Сказки. Том 3 - Эльдар Ахадов
Шрифт:
Интервал:
Закладка:
И была мышь. И звалась она слоновою. И были слоны. И звались они мышиными. Огромные–преогромные, неторопливые такие. Чуть больше мыши.
День восьмой.
В те времена в неделе восемь дней было… Как соберутся мышиные слоны посреди озера, как налетят да начнут крякать: хоть уши под подушку складывай! А по берегу слоновая мышь бродит, лапки потирает. Мышам слоновым доверья нет. Недаром они по деревьям ночью лазают и кричат по–дикому, глазищи выпучив. Нагловатый народец, вечно что–нибудь замышляет, пока простые мышиные слоны крякают посреди озёр да гнездятся в камышах.
Прибежал тут к ним как–то мух перепончатый.
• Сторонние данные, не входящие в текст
(* For every $q\geqslant 1$ there exist $\tilde{p}<1$ and $\kappa>1$ such that for every $p\geqslant\tilde{p}$, every $c\geqslant 1$ and every box $\Lambda$ with $|\Lambda|>3^{6d}$, $$\Phi^{TB}_{\Lambda,p,q}\Big(\exists C\in\mathcal{C},\ \exists e\in C,\ d\big(e,\mathcal{P}\cup\Lambda^c\setminus\{e\}\big)\geqslant\kappa c\ln|\Lambda|\ \Big|\ T\nleftrightarrow B\Big)\leqslant\frac{1}{|\Lambda|^c}.$$
   Context: Let $d\geqslant 2$ and $\mathbb{L}^d=(\mathbb{Z}^d,\mathbb{E}^d)$ the nearest-neighbour lattice. The box $\Lambda=(V,E)$ is the subgraph of $\mathbb{L}^d$ induced by the vertices in a $d$-dimensional cube centred at the origin (not necessarily axis-parallel); $|\Lambda|$ is its cardinality (number of edges), $\Lambda^c$ its complement, $d(\cdot,\cdot)$ the lattice distance between edges/sets of edges. $\partial\Lambda=\{x\in V:\exists y\notin V,\ \langle x,y\rangle\in\mathbb{E}^d\}$. A hyperplane through the origin parallel to a face of the cube splits $\Lambda$ into $\Lambda^+,\Lambda^-$; $T=\partial\Lambda\cap\Lambda^+$, $B=\partial\Lambda\cap\Lambda^-$. For $\omega\in\{0,1\}^E$ (edges with $\omega(e)=1$ open, others closed), $\Phi^{TB}_{\Lambda,p,q}(\omega)\propto\prod_{e\in E}p^{\omega(e)}(1-p)^{1-\omega(e)}q^{k^{TB}(\omega)}$, where $k^{TB}(\omega)$ is the number of connected components (isolated vertices included) of the graph obtained from $(V,\{\text{open edges}\})$ by adding two extra vertices, one joined to every vertex of $T$ and the other to every vertex of $B$. $\{T\nleftrightarrow B\}$: no open path in $\Lambda$ joins $T$ to $B$. A set $S$ of edges separates $T$ and $B$ if no connected subgraph of $(V,E\setminus S)$ meets both $T$ and $B$; a cut is such a separating set which is minimal for inclusion. $\mathcal{C}$ denotes the set of cuts of the configuration, i.e. cuts all of whose edges are closed. $\mathcal{P}$ is the set of pivotal edges: edges $e\in E$ whose opening would create an open path from $T$ to $B$. *)

theory Defs
  imports Complex_Main
begin

definition l1 :: "nat \<Rightarrow> int list \<Rightarrow> int list \<Rightarrow> int" where
  "l1 d x y = (\<Sum>i<d. \<bar>x ! i - y ! i\<bar>)"

definition lattice_pt :: "nat \<Rightarrow> int list \<Rightarrow> bool" where
  "lattice_pt d x \<longleftrightarrow> length x = d"

definition lattice_adj :: "nat \<Rightarrow> int list \<Rightarrow> int list \<Rightarrow> bool" where
  "lattice_adj d x y \<longleftrightarrow> lattice_pt d x \<and> lattice_pt d y \<and> l1 d x y = 1"

definition lattice_edge :: "nat \<Rightarrow> int list set \<Rightarrow> bool" where
  "lattice_edge d e \<longleftrightarrow> (\<exists>x y. e = {x, y} \<and> lattice_adj d x y)"

text \<open>A cube centred at the origin: orthonormal frame u 0, ..., u (d-1) of R^d and
  half side-length r; the box vertices are the lattice points in the (closed) cube.\<close>

definition inner_pt :: "nat \<Rightarrow> (nat \<Rightarrow> real) \<Rightarrow> int list \<Rightarrow> real" where
  "inner_pt d v x = (\<Sum>k<d. v k * real_of_int (x ! k))"

definition orthonormal_frame :: "nat \<Rightarrow> (nat \<Rightarrow> nat \<Rightarrow> real) \<Rightarrow> bool" where
  "orthonormal_frame d u \<longleftrightarrow>
     (\<forall>i<d. \<forall>j<d. (\<Sum>k<d. u i k * u j k) = (if i = j then 1 else 0))"

definition box_V :: "nat \<Rightarrow> (nat \<Rightarrow> nat \<Rightarrow> real) \<Rightarrow> real \<Rightarrow> int list set" where
  "box_V d u r = {x. lattice_pt d x \<and> (\<forall>i<d. \<bar>inner_pt d (u i) x\<bar> \<le> r)}"

definition box_E :: "nat \<Rightarrow> (nat \<Rightarrow> nat \<Rightarrow> real) \<Rightarrow> real \<Rightarrow> int list set set" where
  "box_E d u r = {e. lattice_edge d e \<and> e \<subseteq> box_V d u r}"

definition box_Ec :: "nat \<Rightarrow> (nat \<Rightarrow> nat \<Rightarrow> real) \<Rightarrow> real \<Rightarrow> int list set set" where
  "box_Ec d u r = {e. lattice_edge d e \<and> e \<notin> box_E d u r}"

definition box_bd :: "nat \<Rightarrow> (nat \<Rightarrow> nat \<Rightarrow> real) \<Rightarrow> real \<Rightarrow> int list set" where
  "box_bd d u r = {x \<in> box_V d u r. \<exists>y. y \<notin> box_V d u r \<and> lattice_adj d x y}"

text \<open>Splitting by the hyperplane through 0 orthogonal to u j (parallel to a face).\<close>
definition box_T :: "nat \<Rightarrow> (nat \<Rightarrow> nat \<Rightarrow> real) \<Rightarrow> real \<Rightarrow> nat \<Rightarrow> int list set" where
  "box_T d u r j = {x \<in> box_bd d u r. inner_pt d (u j) x \<ge> 0}"

definition box_B :: "nat \<Rightarrow> (nat \<Rightarrow> nat \<Rightarrow> real) \<Rightarrow> real \<Rightarrow> nat \<Rightarrow> int list set" where
  "box_B d u r j = {x \<in> box_bd d u r. inner_pt d (u j) x < 0}"

text \<open>Adjacency relation induced by a set of edges (configurations are given by
  their set of open edges).\<close>
definition adj_rel :: "'v set set \<Rightarrow> ('v \<times> 'v) set" where
  "adj_rel F = {(x, y). {x, y} \<in> F \<and> x \<noteq> y}"

definition connects :: "'v set set \<Rightarrow> 'v set \<Rightarrow> 'v set \<Rightarrow> bool" where
  "connects F T B \<longleftrightarrow> (\<exists>x\<in>T. \<exists>y\<in>B. (x, y) \<in> (adj_rel F)\<^sup>*)"

definition separates :: "'v set set \<Rightarrow> 'v set set \<Rightarrow> 'v set \<Rightarrow> 'v set \<Rightarrow> bool" where
  "separates E S T B \<longleftrightarrow> S \<subseteq> E \<and> \<not> connects (E - S) T B"

definition is_cut :: "'v set set \<Rightarrow> 'v set set \<Rightarrow> 'v set \<Rightarrow> 'v set \<Rightarrow> bool" where
  "is_cut E S T B \<longleftrightarrow> separates E S T B \<and> (\<forall>S'. S' \<subset> S \<longrightarrow> \<not> separates E S' T B)"

definition cuts_of :: "'v set set \<Rightarrow> 'v set \<Rightarrow> 'v set \<Rightarrow> 'v set set \<Rightarrow> 'v set set set" where
  "cuts_of E T B \<omega> = {C. is_cut E C T B \<and> C \<inter> \<omega> = {}}"

definition pivotal :: "'v set set \<Rightarrow> 'v set \<Rightarrow> 'v set \<Rightarrow> 'v set set \<Rightarrow> 'v set set" where
  "pivotal E T B \<omega> = {e \<in> E. \<not> connects \<omega> T B \<and> connects (insert e \<omega>) T B}"

definition kTB :: "'v set \<Rightarrow> 'v set \<Rightarrow> 'v set \<Rightarrow> 'v set set \<Rightarrow> nat" where
  "kTB V T B \<omega> =
    (let V' = Inl ` V \<union> {Inr True, Inr False};
         R = {(Inl x, Inl y) | x y. {x, y} \<in> \<omega>}
           \<union> {(Inr True, Inl x) | x. x \<in> T}
           \<union> {(Inr False, Inl x) | x. x \<in> B};
         Rel = (R \<union> R\<inverse>)\<^sup>* \<inter> (V' \<times> V')
     in card (V' // Rel))"

definition rc_weight :: "'v set \<Rightarrow> 'v set set \<Rightarrow> 'v set \<Rightarrow> 'v set \<Rightarrow> real \<Rightarrow> real
    \<Rightarrow> 'v set set \<Rightarrow> real" where
  "rc_weight V E T B p q \<omega> =
     p ^ card \<omega> * (1 - p) ^ (card E - card \<omega>) * q ^ kTB V T B \<omega>"

definition PhiTB :: "'v set \<Rightarrow> 'v set set \<Rightarrow> 'v set \<Rightarrow> 'v set \<Rightarrow> real \<Rightarrow> real
    \<Rightarrow> ('v set set \<Rightarrow> bool) \<Rightarrow> real" where
  "PhiTB V E T B p q A =
     (\<Sum>\<omega>\<in>{\<omega>. \<omega> \<subseteq> E \<and> A \<omega>}. rc_weight V E T B p q \<omega>)
     / (\<Sum>\<omega>\<in>Pow E. rc_weight V E T B p q \<omega>)"

definition PhiTB_cond :: "'v set \<Rightarrow> 'v set set \<Rightarrow> 'v set \<Rightarrow> 'v set \<Rightarrow> real \<Rightarrow> real
    \<Rightarrow> ('v set set \<Rightarrow> bool) \<Rightarrow> ('v set set \<Rightarrow> bool) \<Rightarrow> real" where
  "PhiTB_cond V E T B p q A H =
     PhiTB V E T B p q (\<lambda>\<omega>. A \<omega> \<and> H \<omega>) / PhiTB V E T B p q H"

definition edge_set_dist :: "nat \<Rightarrow> int list set \<Rightarrow> int list set set \<Rightarrow> real" where
  "edge_set_dist d e S = Inf {real_of_int (l1 d x y) | x y f. f \<in> S \<and> x \<in> e \<and> y \<in> f}"

end

theory Submission
  imports Defs "HOL-Library.Transitive_Closure_Table"
begin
Уж как он добрался — никто не видел, и шепчет мух страшным голосом: «Берегитесь, слоны! Берегитесь! Ох, нехорошее что–то будет!»
А слоновая мышь на дерево забралась, с ветки свесилась и зреет. Весь день она зрела, а ночью, когда луна поднялась над водой, и ветерок подул, вдруг разлетелась во все стороны. Поднялась она тучей над озёрами да как прыгнет на всех мышиных слонов сразу! Такой переполох начался: вы бы видели! Слоны визжат, отбиваются. А мышь хохочет не по–доброму и не отпускает бедненьких слоников, не даёт им в траве укрыться или под воду нырнуть. Хорошо, что ёжик шестикрылый мимо проходил. Он–то и спас мышиных слонов. Повернулся ёжик к слоновьей мыши спиной и давай её своими хвостами шлёпать. Отшлёпал он проказницу и дальше потрынькал. Пока слоновая мышь отвлекалась на ёжика, все мышиные слоны поразлетелись и сидят по кусточкам, не пикнут даже…
Угомонилась слоновая мышь, спать улеглась в дремучих кустах, а глазом–то по сторонам всё равно иногда зыркает. Для порядка. А слоны мышиные не очень–то и испугались: полчаса не прошло, как они опять закрякали в разных местах. Но, уже, конечно, потише. После одиннадцати часов ведь громко–то и нельзя. Спят же все.
Вон, даже мух перепончатый, и тот — похрапывает в своём логове. И даже шестикрылые ёжики — собрались возле книжки, сказки на ночь читают. А как дослушают до конца, сразу глазки закроют и полетят сон догонять, в котором про восьмой день ещё много чего интересного увидеть можно. Айда, и мы с тобой за ёжиками скорей–скорей…
ВОСЬМОЙ ДЕНЬ
К восьмому дню недели заколосилась слоновая мышь. Раздольно, широко пошла! Слоны мышиные жужжат над ней, так и радуются: «Ку–вырк! Ку–вырк!» Взошла мышь слоновая над полями да над лесами. Да и над горами взошла бы она, то есть почти уже.
Но как раз тут вжикнуло что–то по–над ухом её островерхим, закоулистым, — будто эхо осеннее разнеслось, подзинькивая. И заненастилось. И кругом пошло, по древесам небесным растекаясь. Заколготились в мышиной головушке мысли странные, непонятные. Совестью запахло вокруг — о делах её прежних, неправедных…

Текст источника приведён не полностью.